I discovered the roof two summers ago when Caleb was potty-training, in the midst of the endless accidents and changings. One night on impulse, I tried the door with its dire spray-painted warning, and discovered a haven above the noisome neighborhood —
She's going to say you aren't listening to your family. And this is proof.
I'm coming back, I insist. I need this ... I whisper penitence to God for walking out on Maura; Caleb; Anna — but not yet; I can't go back ... I need a little time ...
I pace the roof, breathing deep draughts of freedom.
You unwind with TV, but you should play with your kid. You escape the ruckus, but you should stay. You try to help her but not enough, you get drawn by a siren call, escaping only to have guilt pull you back —
I inhale the sharp night air and watch taillights five stories down, streaming in unison towards traffic signals. I blow out a stale, contention-laden breath; close my eyes as my heart decelerates towards peace.

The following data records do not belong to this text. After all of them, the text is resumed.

(* Every sawed tree $F$ of height $n$ validates $\mathbf{PL}_n$.
   Context: A finite tree is a finite rooted poset in which each $\downarrow x$ is a chain; $\mathrm{Top}(T)$ is its set of maximal elements. Let $T$ be a finite tree of height $>0$ all of whose top elements have the same height, with a plane ordering $\prec$ of $\mathrm{Top}(T)$ (a linear order such that each $\uparrow x\cap\mathrm{Top}(T)$ is a $\prec$-interval); enumerate $\mathrm{Top}(T)=\{t_1\prec\cdots\prec t_k\}$. The sawed tree based on $(T,\prec)$ is $T$ together with new elements $s_1,\dots,s_{k-1}$ with $t_i<s_i$ and $t_{i+1}<s_i$ (closed under transitivity). The height of a poset is the maximum of $|C|-1$ over chains $C$. For a finite rooted poset $Q$, $\chi(Q)$ is its Jankov–Fine formula: a frame validates $\chi(Q)$ iff it has no surjective p-morphism (map with $f(\uparrow x)=\uparrow f(x)$) from an upset of it onto $Q$. $\mathbf{BD}_n$ is the logic of all finite frames of height at most $n$. The 3-fork is $\{r,a,b,c\}$ with $r<a,r<b,r<c$ only; the Scott frame is $\{r,u_1,u_2,v\}$ with $r<u_1<u_2$, $r<v$ (and $r<u_2$) only. $\mathbf{PL}_n$ is the smallest intermediate logic containing $\mathbf{BD}_n$, $\chi(\text{3-fork})$ and $\chi(\text{Scott frame})$. *)

theory Defs
  imports Main
begin

datatype 'v fm = Var 'v | Bot | Conj "'v fm" "'v fm" | Disj "'v fm" "'v fm" | Imp "'v fm" "'v fm"

definition Top :: "'v fm" where "Top = Imp Bot Bot"
definition Neg :: "'v fm \<Rightarrow> 'v fm" where "Neg \<phi> = Imp \<phi> Bot"
definition Iff :: "'v fm \<Rightarrow> 'v fm \<Rightarrow> 'v fm" where "Iff \<phi> \<psi> = Conj (Imp \<phi> \<psi>) (Imp \<psi> \<phi>)"

definition Conjs :: "'v fm list \<Rightarrow> 'v fm" where "Conjs xs = foldr Conj xs Top"

text \<open>Conjunction of a finite set of formulas (order of conjuncts irrelevant up to equivalence).\<close>
definition ConjSet :: "'v fm set \<Rightarrow> 'v fm" where "ConjSet S = Conjs (SOME xs. set xs = S)"

primrec subst :: "('v \<Rightarrow> 'w fm) \<Rightarrow> 'v fm \<Rightarrow> 'w fm" where
  "subst \<sigma> (Var p) = \<sigma> p"
| "subst \<sigma> Bot = Bot"
| "subst \<sigma> (Conj \<phi> \<psi>) = Conj (subst \<sigma> \<phi>) (subst \<sigma> \<psi>)"
| "subst \<sigma> (Disj \<phi> \<psi>) = Disj (subst \<sigma> \<phi>) (subst \<sigma> \<psi>)"
| "subst \<sigma> (Imp \<phi> \<psi>) = Imp (subst \<sigma> \<phi>) (subst \<sigma> \<psi>)"

definition porder :: "'w set \<Rightarrow> ('w \<Rightarrow> 'w \<Rightarrow> bool) \<Rightarrow> bool" where
  "porder W R \<longleftrightarrow> (\<forall>x\<in>W. R x x) \<and> (\<forall>x\<in>W. \<forall>y\<in>W. R x y \<and> R y x \<longrightarrow> x = y)
     \<and> (\<forall>x\<in>W. \<forall>y\<in>W. \<forall>z\<in>W. R x y \<and> R y z \<longrightarrow> R x z)"

definition is_upset :: "'w set \<Rightarrow> ('w \<Rightarrow> 'w \<Rightarrow> bool) \<Rightarrow> 'w set \<Rightarrow> bool" where
  "is_upset W R U \<longleftrightarrow> U \<subseteq> W \<and> (\<forall>x\<in>U. \<forall>y\<in>W. R x y \<longrightarrow> y \<in> U)"

fun forces :: "'w set \<Rightarrow> ('w \<Rightarrow> 'w \<Rightarrow> bool) \<Rightarrow> ('v \<Rightarrow> 'w set) \<Rightarrow> 'w \<Rightarrow> 'v fm \<Rightarrow> bool" where
  "forces W R V w (Var p) = (w \<in> V p)"
| "forces W R V w Bot = False"
| "forces W R V w (Conj \<phi> \<psi>) = (forces W R V w \<phi> \<and> forces W R V w \<psi>)"
| "forces W R V w (Disj \<phi> \<psi>) = (forces W R V w \<phi> \<or> forces W R V w \<psi>)"
| "forces W R V w (Imp \<phi> \<psi>) =
     (\<forall>v\<in>W. R w v \<longrightarrow> forces W R V v \<phi> \<longrightarrow> forces W R V v \<psi>)"

definition valid :: "'w set \<Rightarrow> ('w \<Rightarrow> 'w \<Rightarrow> bool) \<Rightarrow> 'v fm \<Rightarrow> bool" where
  "valid W R \<phi> \<longleftrightarrow> (\<forall>V. (\<forall>p. is_upset W R (V p)) \<longrightarrow> (\<forall>w\<in>W. forces W R V w \<phi>))"

definition chain_in :: "'w set \<Rightarrow> ('w \<Rightarrow> 'w \<Rightarrow> bool) \<Rightarrow> 'w set \<Rightarrow> bool" where
  "chain_in W R C \<longleftrightarrow> C \<subseteq> W \<and> (\<forall>x\<in>C. \<forall>y\<in>C. R x y \<or> R y x)"

definition height_le :: "'w set \<Rightarrow> ('w \<Rightarrow> 'w \<Rightarrow> bool) \<Rightarrow> nat \<Rightarrow> bool" where
  "height_le W R n \<longleftrightarrow> (\<forall>C. chain_in W R C \<longrightarrow> finite C \<and> card C \<le> Suc n)"

definition has_height :: "'w set \<Rightarrow> ('w \<Rightarrow> 'w \<Rightarrow> bool) \<Rightarrow> nat \<Rightarrow> bool" where
  "has_height W R n \<longleftrightarrow> height_le W R n \<and> (\<exists>C. chain_in W R C \<and> finite C \<and> card C = Suc n)"

definition up_imp :: "'w set \<Rightarrow> ('w \<Rightarrow> 'w \<Rightarrow> bool) \<Rightarrow> 'w set \<Rightarrow> 'w set \<Rightarrow> 'w set" where
  "up_imp W R a b = {x\<in>W. \<forall>y\<in>W. R x y \<and> y \<in> a \<longrightarrow> y \<in> b}"

text \<open>Jankov formula of the finite rooted poset Q = (W,R) with root r, built from the
  finite subdirectly irreducible Heyting algebra A = Up(Q) of its upsets, with one
  variable p_a (here: Var a) for each a in A, and second-largest element s = W - {r}.\<close>
definition jankov :: "'w set \<Rightarrow> ('w \<Rightarrow> 'w \<Rightarrow> bool) \<Rightarrow> 'w \<Rightarrow> 'w set fm" where
  "jankov W R r =
    (let A = {U. is_upset W R U};
         \<Gamma> = {Iff (Var (a \<inter> b)) (Conj (Var a) (Var b)) | a b. a \<in> A \<and> b \<in> A}
           \<union> {Iff (Var (a \<union> b)) (Disj (Var a) (Var b)) | a b. a \<in> A \<and> b \<in> A}
           \<union> {Iff (Var (up_imp W R a b)) (Imp (Var a) (Var b)) | a b. a \<in> A \<and> b \<in> A}
           \<union> {Iff (Var (up_imp W R a {})) (Neg (Var a)) | a. a \<in> A}
     in Imp (ConjSet \<Gamma>) (Var (W - {r})))"

definition fork3_W :: "nat set" where "fork3_W = {0,1,2,3}"
definition fork3_le :: "nat \<Rightarrow> nat \<Rightarrow> bool" where "fork3_le x y \<longleftrightarrow> x = y \<or> x = 0"

text \<open>Scott frame: r=0, u1=1, u2=2, v=3 with r<u1<u2, r<v.\<close>
definition scott_W :: "nat set" where "scott_W = {0,1,2,3}"
definition scott_le :: "nat \<Rightarrow> nat \<Rightarrow> bool" where
  "scott_le x y \<longleftrightarrow> x = y \<or> x = 0 \<or> (x = 1 \<and> y = 2)"

definition chi_fork :: "nat set fm" where "chi_fork = jankov fork3_W fork3_le 0"
definition chi_scott :: "nat set fm" where "chi_scott = jankov scott_W scott_le 0"

text \<open>Logic of all finite frames of height at most n (finite frames represented on nat,
  which covers all finite frames up to isomorphism).\<close>
definition BD :: "nat \<Rightarrow> nat fm set" where
  "BD n = {\<phi>. \<forall>(W::nat set) R. finite W \<and> porder W R \<and> height_le W R n \<longrightarrow> valid W R \<phi>}"
lemma mat_trace_similar_mat_wit_pow:
  assumes "similar_mat_wit A B P Q"
  shows "mat_trace (A ^\<^sub>m k) = mat_trace (B ^\<^sub>m k)"
proof -
  obtain n where A: "A \<in> carrier_mat n n" and B: "B \<in> carrier_mat n n"
    and P: "P \<in> carrier_mat n n" and Q: "Q \<in> carrier_mat n n" and QP: "Q * P = 1\<^sub>m n"
    using assms unfolding similar_mat_wit_def Let_def by auto
  have Bk: "B ^\<^sub>m k \<in> carrier_mat n n" using B by simp
  have "mat_trace (A ^\<^sub>m k) = mat_trace (P * (B ^\<^sub>m k * Q))"
    using similar_mat_wit_pow_id[OF assms] P Q Bk by (simp add: assoc_mult_mat)
  also have "\<dots> = mat_trace ((B ^\<^sub>m k * Q) * P)"
    using P Q Bk by (intro mat_trace_mult_comm) auto
  also have "\<dots> = mat_trace (B ^\<^sub>m k)"
    using P Q Bk QP by (simp add: assoc_mult_mat right_mult_one_mat[OF Bk])
  finally show ?thesis .
qed

lemma upper_triangular_mult:
  assumes A: "A \<in> carrier_mat n n" "upper_triangular A"
    and B: "B \<in> carrier_mat n n" "upper_triangular B"
  shows "upper_triangular (A * B)" and "i < n \<Longrightarrow> (A * B) $$ (i, i) = A $$ (i, i) * B $$ (i, i)"
proof -
  have outside: "A $$ (i, l) * B $$ (l, j) = 0" if "j < l \<or> l < i" "l < n" "i < n" for i j l
    using that A B upper_triangularD[of A l i] upper_triangularD[of B j l] by auto
  have entry: "(A * B) $$ (i, j) = (\<Sum>l\<in>{i..j}. A $$ (i, l) * B $$ (l, j))"
    if "i < n" "j < n" for i j
  proof -
    have "(A * B) $$ (i, j) = (\<Sum>l<n. A $$ (i, l) * B $$ (l, j))"
      using index_mult_mat_sum[OF A(1) B(1) that] .
    also have "\<dots> = (\<Sum>l\<in>{i..j}. A $$ (i, l) * B $$ (l, j))"
      using that outside by (intro sum.mono_neutral_right) auto
    finally show ?thesis .
  qed
  show "upper_triangular (A * B)"
    using A by (intro upper_triangularI) (simp del: index_mult_mat(1) add: entry)
  show "i < n \<Longrightarrow> (A * B) $$ (i, i) = A $$ (i, i) * B $$ (i, i)"
    by (simp del: index_mult_mat(1) add: entry)
qed

lemma upper_triangular_pow_mat:
  assumes B: "B \<in> carrier_mat n n" "upper_triangular B"
  shows "upper_triangular (B ^\<^sub>m k)" and "i < n \<Longrightarrow> (B ^\<^sub>m k) $$ (i, i) = B $$ (i, i) ^ k"
proof -
  have "upper_triangular (B ^\<^sub>m k) \<and> (\<forall>i<n. (B ^\<^sub>m k) $$ (i, i) = B $$ (i, i) ^ k)"
  proof (induction k)
    case 0
    show ?case using B by simp
  next
    case (Suc k)
    have "B ^\<^sub>m k \<in> carrier_mat n n" using B by simp
    then show ?case
      using Suc B upper_triangular_mult[of "B ^\<^sub>m k" n B]
      by (auto simp del: index_mult_mat(1) power_Suc simp: power_Suc2)
  qed
  then show "upper_triangular (B ^\<^sub>m k)" and "i < n \<Longrightarrow> (B ^\<^sub>m k) $$ (i, i) = B $$ (i, i) ^ k"
    by auto
qed

lemma strictly_upper_triangular_pow_mat:
  assumes B: "B \<in> carrier_mat n n" and strict: "\<And>i j. j \<le> i \<Longrightarrow> i < n \<Longrightarrow> B $$ (i, j) = 0"
  shows "i < n \<Longrightarrow> j < n \<Longrightarrow> j < i + k \<Longrightarrow> (B ^\<^sub>m k) $$ (i, j) = 0"
proof (induction k arbitrary: j)
  case 0
  then show ?case using B by simp
next
  case (Suc k)
  have "(B ^\<^sub>m k) $$ (i, l) * B $$ (l, j) = 0" if "l < n" for l
    using Suc strict[of j l] that by (cases "l < i + k") auto
  then show ?case
    using Suc.prems B by (simp del: index_mult_mat(1) add: index_mult_mat_sum[of _ n n])
qed

lemma strictly_upper_triangular_nilpotent:
  assumes "B \<in> carrier_mat n n" and "\<And>i j. j \<le> i \<Longrightarrow> i < n \<Longrightarrow> B $$ (i, j) = 0"
  shows "B ^\<^sub>m n = 0\<^sub>m n n"
  using assms strictly_upper_triangular_pow_mat[OF assms] by (intro eq_matI) auto

text \<open>Triangularise \<open>M\<close> by a Schur decomposition: the traces of the powers of the triangular
  factor are the power sums of its diagonal, which therefore vanishes.\<close>
lemma nilpotent_if_trace_powers_zero:
  fixes M :: "complex mat"
  assumes M: "M \<in> carrier_mat n n"
    and traces: "\<And>k. k \<in> {1..n} \<Longrightarrow> mat_trace (M ^\<^sub>m k) = 0"
  shows "M ^\<^sub>m n = 0\<^sub>m n n"
proof -
  obtain es where "char_poly M = (\<Prod>a\<leftarrow>es. [:- a, 1:])"
    using char_poly_factorized[OF M] by auto
  then obtain B P Q where sim: "similar_mat_wit M B P Q" and ut: "upper_triangular B"
    using schur_decomposition[OF M] by (metis prod_cases3)
  then have B: "B \<in> carrier_mat n n"
    using M unfolding similar_mat_wit_def Let_def by auto
  have "B $$ (i, i) = 0" if "i < n" for i
  proof (rule power_sums_zero_imp_zero[OF _ that])
    fix k assume "k \<in> {1..n}"
    then have "mat_trace (B ^\<^sub>m k) = 0"
      using traces mat_trace_similar_mat_wit_pow[OF sim] by simp
    then show "(\<Sum>i<n. B $$ (i, i) ^ k) = 0"
      using B ut by (simp add: mat_trace_def upper_triangular_pow_mat)
  qed
  then have "B ^\<^sub>m n = 0\<^sub>m n n"
    using B ut by (intro strictly_upper_triangular_nilpotent) (auto simp: le_less)
  then show ?thesis
    using similar_mat_wit_pow_id[OF sim, of n] sim M
    unfolding similar_mat_wit_def Let_def by auto
qed

lemma matpow_Suc_right: "matpow A (Suc k) = matpow A k ** A"
proof (induction k)
  case 0
  show ?case by (simp add: matrix_mul_lid matrix_mul_rid)
next
  case (Suc k)
  then show ?case by (metis matpow.simps(2) matrix_mul_assoc)
qed

text \<open>Schur triangularisation is available for the matrices of \<open>Jordan_Normal_Form\<close>; Cartesian
  matrices are transferred to them along a fixed enumeration of the index type.\<close>
definition cart_index :: "nat \<Rightarrow> 'n::finite" where
  "cart_index = (SOME h. bij_betw h {..<CARD('n)} UNIV)"

lemma bij_betw_cart_index: "bij_betw (cart_index :: nat \<Rightarrow> 'n::finite) {..<CARD('n)} UNIV"
proof -
  have "\<exists>h :: nat \<Rightarrow> 'n. bij_betw h {..<CARD('n)} UNIV"
    using ex_bij_betw_nat_finite[of "UNIV :: 'n set"] by (auto simp: lessThan_atLeast0)
  then show ?thesis unfolding cart_index_def by (rule someI_ex)
qed

lemma sum_UNIV_cart_index: "(\<Sum>c\<in>UNIV. f c) = (\<Sum>l<CARD('n). f (cart_index l :: 'n::finite))"
  using sum.reindex_bij_betw[OF bij_betw_cart_index, of f] by simp

definition mat_of_cart :: "'a^'n^'n \<Rightarrow> 'a mat" where
  "mat_of_cart A = Matrix.mat CARD('n) CARD('n) (\<lambda>(i, j). A $ cart_index i $ cart_index j)"

lemma mat_of_cart_carrier: "mat_of_cart (A :: 'a^'n^'n) \<in> carrier_mat CARD('n) CARD('n)"
  by (simp add: mat_of_cart_def)

lemma mat_of_cart_mult:
  fixes A B :: "'a::semiring_1^'n^'n"
  shows "mat_of_cart (A ** B) = mat_of_cart A * mat_of_cart B"
proof (rule eq_matI)
  fix i j
  assume "i < dim_row (mat_of_cart A * mat_of_cart B)" "j < dim_col (mat_of_cart A * mat_of_cart B)"
  then have "i < CARD('n)" "j < CARD('n)" by (simp_all add: mat_of_cart_def)
  then show "mat_of_cart (A ** B) $$ (i, j) = (mat_of_cart A * mat_of_cart B) $$ (i, j)"
    by (simp del: index_mult_mat(1) add: index_mult_mat_sum[OF mat_of_cart_carrier mat_of_cart_carrier])
      (simp add: mat_of_cart_def matrix_matrix_mult_def sum_UNIV_cart_index)
qed (simp_all add: mat_of_cart_def)

lemma mat_of_cart_one: "mat_of_cart (mat 1 :: 'a::semiring_1^'n^'n) = 1\<^sub>m CARD('n)"
proof (rule eq_matI)
  fix i j assume "i < dim_row (1\<^sub>m CARD('n))" "j < dim_col (1\<^sub>m CARD('n))"
  moreover from this have "(cart_index i :: 'n) = cart_index j \<longleftrightarrow> i = j"
    using bij_betw_cart_index unfolding bij_betw_def inj_on_def by auto
  ultimately show "mat_of_cart (mat 1 :: 'a^'n^'n) $$ (i, j) = 1\<^sub>m CARD('n) $$ (i, j)"
    by (simp add: mat_of_cart_def Finite_Cartesian_Product.mat_def)
qed (simp_all add: mat_of_cart_def)

lemma mat_of_cart_matpow: "mat_of_cart (matpow A k) = mat_of_cart A ^\<^sub>m k"
proof (induction k)
  case 0
  show ?case by (simp add: mat_of_cart_one) (simp add: mat_of_cart_def)
next
  case (Suc k)
  then show ?case by (simp only: matpow_Suc_right mat_of_cart_mult pow_mat.simps)
qed

lemma trace_eq_mat_trace: "trace A = mat_trace (mat_of_cart A)"
  by (simp add: trace_def mat_trace_def mat_of_cart_def sum_UNIV_cart_index)

lemma mat_of_cart_eq_zero_iff: "mat_of_cart A = 0\<^sub>m CARD('n) CARD('n) \<longleftrightarrow> A = (0 :: 'a::zero^'n^'n)"
proof
  assume zero: "mat_of_cart A = 0\<^sub>m CARD('n) CARD('n)"
  have "A $ cart_index i $ cart_index j = 0" if "i < CARD('n)" "j < CARD('n)" for i j
    using arg_cong[OF zero, of "\<lambda>M. M $$ (i, j)"] that by (simp add: mat_of_cart_def)
  moreover have "a \<in> cart_index ` {..<CARD('n)}" for a :: 'n
    using bij_betw_cart_index by (auto simp: bij_betw_def)
  ultimately have "A $ a $ b = 0" for a b
    by (metis imageE lessThan_iff)
  then show "A = 0"
    by (simp add: vec_eq_iff)
qed (auto simp: mat_of_cart_def)

lemma nilpotent_mat_if_trace_powers_zero:
  fixes A :: "complex^'n^'n"
  assumes "\<And>k. k \<in> {1..CARD('n)} \<Longrightarrow> trace (matpow A k) = 0"
  shows "nilpotent_mat A"
proof -
  have "mat_of_cart A ^\<^sub>m CARD('n) = 0\<^sub>m CARD('n) CARD('n)"
    using assms
    by (intro nilpotent_if_trace_powers_zero mat_of_cart_carrier)
      (simp add: trace_eq_mat_trace mat_of_cart_matpow)
  then have "matpow A CARD('n) = 0"
    by (simp add: mat_of_cart_matpow[symmetric] mat_of_cart_eq_zero_iff)
  then show ?thesis unfolding nilpotent_mat_def by blast
qed


section \<open>Symmetric bilinear forms vanishing on a null cone\<close>

definition symmetric_bilinear :: "(complex^'n \<Rightarrow> complex^'n \<Rightarrow> complex) \<Rightarrow> bool" where
  "symmetric_bilinear F \<longleftrightarrow>
     (\<forall>u v w. F (u + v) w = F u w + F v w) \<and> (\<forall>c u w. F (c *s u) w = c * F u w) \<and>
     (\<forall>u v. F u v = F v u)"

definition nondegenerate :: "(complex^'n \<Rightarrow> complex^'n \<Rightarrow> complex) \<Rightarrow> bool" where
  "nondegenerate F \<longleftrightarrow> (\<forall>u. (\<forall>v. F u v = 0) \<longrightarrow> u = 0)"

context
  fixes F :: "complex^'n \<Rightarrow> complex^'n \<Rightarrow> complex"
  assumes F: "symmetric_bilinear F"
begin

lemma symmetric_bilinear_commute: "F u v = F v u"
  using F unfolding symmetric_bilinear_def by blast

lemma symmetric_bilinear_add_left: "F (u + v) w = F u w + F v w"
  using F unfolding symmetric_bilinear_def by blast

lemma symmetric_bilinear_scale_left: "F (c *s u) w = c * F u w"
  using F unfolding symmetric_bilinear_def by blast

lemma symmetric_bilinear_add_right: "F w (u + v) = F w u + F w v"
  by (metis symmetric_bilinear_add_left symmetric_bilinear_commute)

lemma symmetric_bilinear_scale_right: "F w (c *s u) = c * F w u"
  by (metis symmetric_bilinear_scale_left symmetric_bilinear_commute)

lemma symmetric_bilinear_diff_right: "F w (u - v) = F w u - F w v"
  by (metis diff_add_cancel symmetric_bilinear_add_right add_diff_cancel_right')

lemmas symmetric_bilinear_simps =
  symmetric_bilinear_add_left symmetric_bilinear_add_right symmetric_bilinear_diff_right
  symmetric_bilinear_scale_left symmetric_bilinear_scale_right

lemma symmetric_bilinear_square_line:
  "F (u + t *s w) (u + t *s w) = F u u + 2 * t * F u w + t\<^sup>2 * F w w"
  by (simp add: symmetric_bilinear_simps symmetric_bilinear_commute[of w u] power2_eq_square
      algebra_simps)

lemma symmetric_bilinear_polarization:
  assumes "\<And>v. F v v = 0"
  shows "F u w = 0"
  using symmetric_bilinear_square_line[of u 1 w] assms by simp

lemma symmetric_bilinear_orthogonal_nonzero:
  assumes "CARD('n) \<ge> 2"
  obtains w where "w \<noteq> 0" "F x w = 0"
proof -
  obtain i j :: 'n where "i \<noteq> j"
    using assms card_le_Suc0_iff_eq[of "UNIV :: 'n set"] by auto
  show thesis
  proof (cases "F x (axis i 1) = 0")
    case True
    then show ?thesis by (intro that[of "axis i 1"]) simp_all
  next
    case False
    let ?w = "F x (axis j 1) *s axis i 1 - F x (axis i 1) *s axis j (1::complex)"
    have "?w $ j \<noteq> 0" using False \<open>i \<noteq> j\<close> by (simp add: axis_def)
    then have "?w \<noteq> 0" by (metis zero_index)
    moreover have "F x ?w = 0"
      by (simp add: symmetric_bilinear_simps)
    ultimately show ?thesis by (rule that)
  qed
qed

lemma exists_nonisotropic:
  assumes "nondegenerate F"
  obtains x where "F x x \<noteq> 0"
proof -
  have "axis undefined 1 \<noteq> (0 :: complex^'n)" by simp
  then show thesis
    using assms symmetric_bilinear_polarization that unfolding nondegenerate_def by blast
qed

end

lemma symmetric_bilinear_diff:
  assumes F: "symmetric_bilinear F" and G: "symmetric_bilinear G"
  shows "symmetric_bilinear (\<lambda>u v. F u v - c * G u v)"
  using symmetric_bilinear_commute[OF F] symmetric_bilinear_commute[OF G]
  unfolding symmetric_bilinear_def
  by (simp add: symmetric_bilinear_simps[OF F] symmetric_bilinear_simps[OF G] algebra_simps)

Just a few more minutes, reveling in the night air. Facing Maura won't be pretty. I'm over towards the left side of the roof now, where the streetlights dwindle into the distance and you can see forever, or at least the suburbs —
Suddenly my legs tread air.
I catch a snap glimpse of the stars — desperately claw at night sky. Then I'm falling through complete darkness, clobbered by brick and tumbling headfirst through air, limbs contorted into an impossible shape, frantically reaching my hands for a grip —
Instantly I realize that I was standing by the ancient chimney, broken by vandals and level with the roof now, a relic of an old coal-fired boiler. In the everlasting fall I bleat a prayer, Into your hands I commit my spi —
— But I've stopped.
One arm is above my head. The other is wrenched from its socket. My legs dangle in air; my throat cries in agony from brick shards ripping it open like paper — I feel like I'm underwater, choking on my own blood — the chimney must be collapsing all the way down. I'm probably half-hanging from jagged brick; feels like one knee is on a tiny ledge —
I cry for help and my mangled throat manages only a weak gurgle ... Still, I'm alive.
Now I'm breathing prayers of thanks, praising God for sparing my life. God, this was a miracle. Surely you'll be faithful, I'll climb out when I regather some strength, someone will come up to the roof and find me, my throat will heal enough to call for help ...
Of course, if I'd known what the next four days would hold — that I would suffer on the other side of my own son's bedroom wall while pleading to die — I might not have wasted breath gasping praise.